Так какой мотив был правильным? Все тот же — провокация? Таллия как-то спровоцировала Томаса, и эта провокация так сильно его задела, что он долгое время упорно, ни на шаг не отступая от поставленной цели, готовил ее убийство.

— Что-то вроде того, — устало кивнул наконец Брент. — Мы с ней расстались врагами.

Это не имело значения. Нужно было заставить Брента высказать версию, пусть хоть как, криво, непонятно, пусть мне пришлось бы выворачивать наизнанку собственную логику, чтобы эта версия объясняла мотивы убийства Таллии Кэролайн.

— Но если мы уже отбросили ревность, выяснили, что не любовник, не аборт, не измена, что тогда? — спросила я, вложив в голос всю отпущенную мне природой беспомощность. Моя реплика должна была прозвучать беззащитно и просяще, чтобы Брент почувствовал, как мне нужна его сильная крепкая рука и беспощадный острый ум.

«Древняя драма», — мысленно я закатила глаза. К тому же еще и глупая.

 — Ревность — страх, — продолжала я. — Страх потери. — Комиссар был прав, еще бы, с его опытом. — Ваш подсудимый боялся потерять любимую жену. Все равно потерял, но ему так, наверное, было легче? Ее просто не стало, а у него исчез страх, что она останется жива, но не будет с ним. — Снова что-то очень острое зацепило меня изнутри и пропало. — Так чего боялся Томас? Вы сказали, что знаете.

— Совершенно точно могу утверждать, что его страх был связан с женой, — очень серьезно произнес Брент. — И от этого страха он нашел в себе силы избавиться. Не как тот несдержанный бедолага, который, если бы не случай, продолжал бы мучиться сам и мучить свою жену. Томас мучиться не хотел…
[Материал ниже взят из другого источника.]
lemma prod_if_eq_const:
  fixes c d :: "'a::comm_monoid_mult"
  assumes "finite S"
  shows "(\<Prod>i\<in>S. if i = j then c else d) = (if j \<in> S then c * d ^ (card S - 1) else d ^ card S)"
proof (cases "j \<in> S")
  case True
  then have "(\<Prod>i\<in>S. if i = j then c else d) = c * (\<Prod>i\<in>S - {j}. if i = j then c else d)"
    using assms by (simp add: prod.remove)
  also have "(\<Prod>i\<in>S - {j}. if i = j then c else d) = (\<Prod>i\<in>S - {j}. d)"
    by (intro prod.cong) auto
  finally have "(\<Prod>i\<in>S. if i = j then c else d) = c * (\<Prod>i\<in>S - {j}. d)" .
  then show ?thesis
    using True assms by (simp add: card_Diff_singleton)
next
  case False
  then have "(\<Prod>i\<in>S. if i = j then c else d) = (\<Prod>i\<in>S. d)"
    by (intro prod.cong) auto
  then show ?thesis
    using False by simp
qed

lemma sum_if_mem_lessThan:
  fixes A B :: "'a::comm_semiring_1"
  assumes "S \<subseteq> {..<m}"
  shows "(\<Sum>j<m. if j \<in> S then A else B) = of_nat (card S) * A + of_nat (m - card S) * B"
proof -
  have "finite S"
    using assms finite_subset by blast
  moreover have "{..<m} \<inter> S = S" "{..<m} \<inter> - S = {..<m} - S"
    using assms by auto
  ultimately show ?thesis
    using assms by (simp add: sum.If_cases card_Diff_subset)
qed

lemma sum_prod_if_eq_const:
  fixes c d :: real
  assumes "S \<subseteq> {..<m}"
  shows "(\<Sum>j<m. \<Prod>i\<in>S. if i = j then c else d)
    = real (card S) * (c * d ^ (card S - 1)) + real (m - card S) * d ^ card S"
proof -
  have "finite S"
    using assms finite_subset by blast
  then have "(\<Sum>j<m. \<Prod>i\<in>S. if i = j then c else d) = (\<Sum>j<m. if j \<in> S then c * d ^ (card S - 1) else d ^ card S)"
    by (simp add: prod_if_eq_const)
  also have "\<dots> = real (card S) * (c * d ^ (card S - 1)) + real (m - card S) * d ^ card S"
    using assms by (rule sum_if_mem_lessThan)
  finally show ?thesis .
qed

lemma Re_trace_omega_except_symmetrised:
  assumes rho: "perm_inv D (Suc N) rho"
  shows "real (Suc N) * Re (trace_prod D (Suc N) (tensor_op (Suc N) (omega_except psi lam c N)) rho)
    = (\<Sum>S\<in>Pow {..<Suc N}. (real (card S) * (c * lam ^ (card S - 1)) + real (Suc N - card S) * lam ^ card S)
          * pattern_weight D psi (Suc N) rho S)"
proof -
  let ?m = "Suc N"
  let ?w = "pattern_weight D psi ?m rho"
  have moved: "trace_prod D ?m (tensor_op ?m (omega_except psi lam c N)) rho
      = trace_prod D ?m (tensor_op ?m (omega_except psi lam c j)) rho" if "j < ?m" for j
  proof -
    have "Transposition.transpose j N permutes {..<?m}"
      using that by (intro permutes_swap_id) auto
    moreover have "(\<lambda>i. omega_except psi lam c N (Transposition.transpose j N i)) = omega_except psi lam c j"
      by (intro ext) (auto simp: omega_except_def Transposition.transpose_def)
    ultimately show ?thesis
      using trace_prod_tensor_op_permute[OF rho] by metis
  qed
  have expand: "Re (trace_prod D ?m (tensor_op ?m (omega_except psi lam c j)) rho)
      = (\<Sum>S\<in>Pow {..<?m}. (\<Prod>i\<in>S. if i = j then c else lam) * ?w S)" for j
  proof -
    have "omega_except psi lam c j
        = (\<lambda>i x y. of_real 1 * proj psi x y + of_real (if i = j then c else lam) * proj_perp psi x y)"
      by (simp add: omega_except_def fun_eq_iff)
    then show ?thesis
      by (simp only: Re_trace_prod_expand) simp
  qed
  have "real ?m * Re (trace_prod D ?m (tensor_op ?m (omega_except psi lam c N)) rho)
      = (\<Sum>j<?m. Re (trace_prod D ?m (tensor_op ?m (omega_except psi lam c N)) rho))"
    by simp
  also have "\<dots> = (\<Sum>j<?m. Re (trace_prod D ?m (tensor_op ?m (omega_except psi lam c j)) rho))"
    by (intro sum.cong refl) (simp add: moved)
  also have "\<dots> = (\<Sum>S\<in>Pow {..<?m}. (\<Sum>j<?m. \<Prod>i\<in>S. if i = j then c else lam) * ?w S)"
    unfolding expand sum_distrib_right by (rule sum.swap)
  also have "\<dots> = (\<Sum>S\<in>Pow {..<?m}. (real (card S) * (c * lam ^ (card S - 1))
      + real (?m - card S) * lam ^ card S) * ?w S)"
    by (intro sum.cong refl) (simp only: Pow_iff sum_prod_if_eq_const)
  finally show ?thesis .
qed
— Он действовал и выжидал.


— Он знал, что только так избавится от этого страха.

— Какого? — напирала я. — Брент, какой страх это был, назовите его?

Я видела, что он знает. И, возможно, доктор Меган была права — он не решался это озвучить, понимая, что повторится история с тем свидетелем. Его неправильно поймут. Поднимут на смех. Или Брент сам не мог подобрать верные слова.

— Страх, что он — не мужчина.

Глава сорок первая

— Э-э, — растерянно протянула я. — Брент, секс у них был регулярный…

Гордон не мог ошибиться, да и аборт говорил в пользу того, что Томаса беременность жены как минимум не удивила. Если, конечно, не допустить, что Таллии ребенок был не нужен вообще, а Томасу не нужен был ребенок от другого мужчины.

Но мы это уже отработали, хватит, не стоит опять возвращаться к проверенной версии. Мы так никогда не закончим это проклятое дело.

— Я не имел в виду секс, — покачал головой Брент. — Вы снова не понимаете. Мужчина — это не только постель.

«Но еще и масса физиологических особенностей и отличий от женщины», — про себя закончила я. Вслух же только сказала:

— Тогда объясните. Я обещаю, все вопросы я задам только по делу и удержусь от непродуманных высказываний.

— Кто такой ректор Томас? Значимая фигура. Он ректор Магической Академии, видный ученый. У него отличная квартира… наверное, показатель статуса. В его глазах, может быть. Машина. У него достаточно денег. Красивая и любящая жена. Настолько любящая, что пошла на уступки и согласилась на покупку квартиры, ведь ипотеку на нее им никогда бы не дали — это считается роскошью, такие приобретения можно делать только за собственные средства. У него удалась жизнь, капитан… Он смотрел на себя в зеркало и сознавал — он удачлив, успешен, он может собой гордиться.

— Я все равно не могу разобраться, — осторожно, щупая тонкий лед, начала я. — Какое значение имеет то, что Томас — мужчина? Множество женщин успешны не меньше. Может, их даже больше, никто не считал.

Губы Брента дрогнули.

— Возможности у всех равные, — продолжала я, внимательно за ним наблюдая. — С талантами несколько хуже, но…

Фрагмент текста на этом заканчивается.